Decisions, decisions right? Maybe not.
Since
it's fairly common practice to have a quarantine tank, you
can always take something home right away, but you run the
risk of it dying on your dime, especially if it was a wild
specimin and made a long trip before arriving.
Chances
are if you have an established system, you are probably
an established customer with your LFS. Most of the time,
any good store wouldn't sell something so new to their stock
unless it came from a reliable or local source like a wholesaler
they have dealt with for some time. If you are a fairly
regular customer, most owners and managers will be happy
to hold the animal for a while for a fair deposit. If you're
a frequent customer, its possible they may even hold it
for free.
This
arrangement allows you to "visit" your new critter
to see if it's maintaining a healthy appearance.

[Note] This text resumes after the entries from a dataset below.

lemma split_rank_le_mult:
  assumes "split_rank_le Y Z g n" "split_rank_le Y Z h m"
  shows "split_rank_le Y Z (g * h) (n * m)"
proof -
  obtain ps qs where
    ps: "length ps \<le> n" "\<forall>(a,b)\<in>set ps. vars a \<subseteq> Y \<and> vars b \<subseteq> Z" "g = (\<Sum>(a,b)\<leftarrow>ps. a * b)"
    and
    qs: "length qs \<le> m" "\<forall>(a,b)\<in>set qs. vars a \<subseteq> Y \<and> vars b \<subseteq> Z" "h = (\<Sum>(a,b)\<leftarrow>qs. a * b)"
    using assms unfolding split_rank_le_def by blast
  let ?rs = "concat (map (\<lambda>(a,b). map (\<lambda>(c,d). (a * c, b * d)) qs) ps)"
  have "length ?rs = length ps * length qs"
    by (induction ps) auto
  also have "\<dots> \<le> n * m" using ps(1) qs(1) by (rule mult_le_mono)
  finally have "length ?rs \<le> n * m" .
  moreover have "\<forall>(a,b)\<in>set ?rs. vars a \<subseteq> Y \<and> vars b \<subseteq> Z"
  proof clarsimp
    fix a b c d assume "(a, b) \<in> set ps" "(c, d) \<in> set qs"
    then have "vars a \<subseteq> Y" "vars b \<subseteq> Z" "vars c \<subseteq> Y" "vars d \<subseteq> Z"
      using ps(2) qs(2) by auto
    then show "vars (a * c) \<subseteq> Y \<and> vars (b * d) \<subseteq> Z"
      using vars_mult[of a c] vars_mult[of b d] by blast
  qed
  moreover have "g * h = (\<Sum>(a,b)\<leftarrow>?rs. a * b)"
    using ps(3) qs(3) by (simp only: sum_list_split_products_mult)
  ultimately show ?thesis unfolding split_rank_le_def by blast
qed
(* Let $L:\mathbb{R}^n\times\mathbb{R}^n\to\mathbb{R}$ be smooth (time-independent). For $a=(q_a,t_a)$, $b=(q_b,t_b)\in\mathbb{R}^n\times\mathbb{R}$ with $t_b\neq t_a$ put $$v(a,b)=\frac{q_b-q_a}{t_b-t_a},\qquad e(a,b)=L(q_a,v(a,b))-\langle D_2L(q_a,v(a,b)),v(a,b)\rangle .$$ Consider sequences $x_k=(q_k,t_k)$ (with $t_{k+1}\ne t_k$), and write $v_k=v(x_k,x_{k+1})$, $e_{k+1}=e(x_k,x_{k+1})$. The symplectic–energy Störmer-type scheme is $$e_{k+1}=e_k,\qquad (t_{k+1}-t_k)\,D_1L(q_k,v_k)-\big(D_2L(q_k,v_k)-D_2L(q_{k-1},v_{k-1})\big)=0 .$$ Then: (i) along any solution the energy $E_k:=\langle D_2L(q_{k-1},v_{k-1}),v_{k-1}\rangle-L(q_{k-1},v_{k-1})=-e_k$ is constant in $k$; (ii) if $U\subset(\mathbb{R}^n\times\mathbb{R})^2$ is open and $G:U\to(\mathbb{R}^n\times\mathbb{R})^2$ is smooth with $G(x_{k-1},x_k)=(x_k,x_{k+1})$ satisfying the scheme for every $(x_{k-1},x_k)\in U$, then, defining on $U$ the one-form $\theta^L=e(a,b)\,dt_b+\sum_i D_2L(q_a,v(a,b))_i\,dq_b^i$ and $\omega^L=d\theta^L$, we have $G^*\omega^L=\omega^L$ (the Lagrangian two-form is preserved).
   Context: This scheme is the discrete Euler–Lagrange system obtained from the generalized discrete Hamilton's principle with time as a generalized coordinate: parametric discrete Lagrangian $\bar L_d=\Delta_\tau t_k\,L(q_k,\Delta_\tau q_k/\Delta_\tau t_k)$ with forward differences $\Delta_\tau q_k=(q_{k+1}-q_k)/\tau$, $\Delta_\tau t_k=(t_{k+1}-t_k)/\tau$, and $e_{k+1}=\partial\bar L_d/\partial(\Delta_\tau t_k)$. *)

theory Defs
  imports "HOL-Analysis.Analysis"
begin

fun Ck_on :: "nat \<Rightarrow> 'a::euclidean_space set \<Rightarrow> ('a \<Rightarrow> 'b::euclidean_space) \<Rightarrow> bool" where
  "Ck_on 0 S f = continuous_on S f"
| "Ck_on (Suc k) S f =
     ((\<forall>x\<in>S. f differentiable (at x)) \<and>
      (\<forall>i\<in>Basis. Ck_on k S (\<lambda>x. frechet_derivative f (at x) i)))"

It also
gives the LFS the chance to get it on a regular feeding
regimin with foods they use and sell ensuring greater chances
for success in your system. For inverts, they will have
a chance to adjust to a quality lighting set-up especially
if collected in the wild.
If,
on the chance the animal does not survive acclimation, or
becomes ill, you can generally put your deposit towards
other animals or items.
--
J. Howard
Knowledge,
patience and observation are the three commandments IMO...in
other words: read, wait, and watch your critters!